- Aim of the exercise: Below are records; how many of their lines contain "rule"? Reply with the number and no other words.

++++++++++++++++++++

text \<open>Counting: if f is monotone on {0..n} and strictly increases from i-1 to i for every
  index i satisfying P, then each value u is attained at most twice by the endpoints of
  these steps, namely at most once as a right endpoint and once as a left endpoint.\<close>
lemma card_step_endpoints_le_2:
  fixes f :: "nat \<Rightarrow> 'a::linorder"
  assumes mono: "\<And>i j. i \<le> j \<Longrightarrow> j \<le> n \<Longrightarrow> f i \<le> f j"
    and P: "\<And>i. P i \<Longrightarrow> i \<in> {1..n}"
    and ascent: "\<And>i. P i \<Longrightarrow> f (i - 1) < f i"
  shows "card {(i, s). P i \<and> s \<in> {i - 1, i} \<and> f s = u} \<le> 2"
proof -
  have ordered: "f a < f b \<and> f (a - 1) < f (b - 1)" if "P a" "P b" "a < b" for a b
  proof -
    have "f a \<le> f (b - 1)" using that P[of b] by (intro mono) auto
    thus ?thesis using ascent that by (meson le_less_trans less_le_trans)
  qed
  define R where "R = {i. P i \<and> f i = u}"
  define L where "L = {i. P i \<and> f (i - 1) = u}"
  have fin: "finite R" "finite L"
    unfolding R_def L_def using P by (auto intro: finite_subset[of _ "{1..n}"])
  have "a = b" if "a \<in> R" "b \<in> R" for a b
    using that ordered[of a b] ordered[of b a] unfolding R_def by (cases a b rule: linorder_cases) auto
  hence cR: "card R \<le> 1" using card_le_Suc0_iff_eq[OF fin(1)] by auto
  have "a = b" if "a \<in> L" "b \<in> L" for a b
    using that ordered[of a b] ordered[of b a] unfolding L_def by (cases a b rule: linorder_cases) auto
  hence cL: "card L \<le> 1" using card_le_Suc0_iff_eq[OF fin(2)] by auto
  have "{(i, s). P i \<and> s \<in> {i - 1, i} \<and> f s = u} \<subseteq> (\<lambda>i. (i, i)) ` R \<union> (\<lambda>i. (i, i - 1)) ` L"
    unfolding R_def L_def by auto
  hence "card {(i, s). P i \<and> s \<in> {i - 1, i} \<and> f s = u}
      \<le> card ((\<lambda>i. (i, i)) ` R \<union> (\<lambda>i. (i, i - 1)) ` L)"
    using fin by (intro card_mono) auto
  also have "\<dots> \<le> card ((\<lambda>i. (i, i)) ` R) + card ((\<lambda>i. (i, i - 1)) ` L)"
    by (rule card_Un_le)
  also have "\<dots> \<le> card R + card L"
    by (intro add_mono card_image_le fin)
  finally show ?thesis using cR cL by linarith
qed

theorem lemma2:
  fixes S q r :: real and n N l :: nat and t :: "nat \<Rightarrow> real"
    and tt :: "nat \<Rightarrow> nat \<Rightarrow> real"
  assumes "S > 0" and "0 < q" and "q < 1" and "r \<ge> 4"
    and "0 \<le> t 0" and "\<forall>i<n. t i < t (Suc i)" and "t n \<le> S"
    and "\<forall>m. m > N \<longrightarrow> Jset r q S t n m = {}"
    and "\<forall>i\<le>n. tt (N + 1) i = piT r q S (N + 1) (t i)"
    and "\<forall>k\<le>N. \<forall>i\<le>n. tt k i = piT r q S k (tt (k + 1) i)"
    and "l \<le> N"
  shows "(\<forall>m i. i \<in> Jset r q S t n m \<and> m + 1 \<le> l \<longrightarrow> tt (l + 1) i \<noteq> tt (l + 1) (i - 1))
       \<and> (\<forall>u \<in> Tset r q S (l + 1).
            card {(i, s). i \<in> {1..n} \<and> (\<exists>m. i \<in> Jset r q S t n m \<and> m + 1 \<le> l)
                   \<and> s \<in> {i - 1, i} \<and> tt (l + 1) s = u} \<le> 2)"
proof -
  have t_mono: "t i \<le> t j" if "i \<le> j" "j \<le> n" for i j
    using chain_mono[of n t i j] assms(6) that by (simp add: less_imp_le)
  have "l + 1 \<le> N + 1" using assms(11) by simp
  note projections = iterated_projections_of_sequence[OF assms(1-5) t_mono assms(7,9,10) this]
  have separated: "tt (l + 1) (i - 1) < tt (l + 1) i"
    if "i \<in> Jset r q S t n m" "m + 1 \<le> l" for i m
  proof -
    have i: "1 \<le> i" "i \<le> n" using that by (auto simp: Jset_def)
    have "mesh r q S (m + 1) < t i - t (i - 1)"
      using Jset_jump[of S q r i t n m] assms(1,2,4) that(1) t_mono[of "i - 1" i] i by simp
    thus ?thesis using projections(1)[of i] projections(1)[of "i - 1"]
        mesh_gap[OF assms(1-4) that(2)] i by linarith
  qed
  show ?thesis
  proof (intro conjI allI impI ballI)
    fix m i assume "i \<in> Jset r q S t n m \<and> m + 1 \<le> l"
    then show "tt (l + 1) i \<noteq> tt (l + 1) (i - 1)" using separated by force
  next
    fix u
    have "card {(i, s). (i \<in> {1..n} \<and> (\<exists>m. i \<in> Jset r q S t n m \<and> m + 1 \<le> l))
                   \<and> s \<in> {i - 1, i} \<and> tt (l + 1) s = u} \<le> 2"
      by (rule card_step_endpoints_le_2[where f = "tt (l + 1)" and n = n])
        (use projections(2) separated in blast)+
    then show "card {(i, s). i \<in> {1..n} \<and> (\<exists>m. i \<in> Jset r q S t n m \<and> m + 1 \<le> l)
                   \<and> s \<in> {i - 1, i} \<and> tt (l + 1) s = u} \<le> 2"
      by (simp only: conj_assoc)
  qed
qed

end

++++++++++++++++++++

- Exercise answer: 4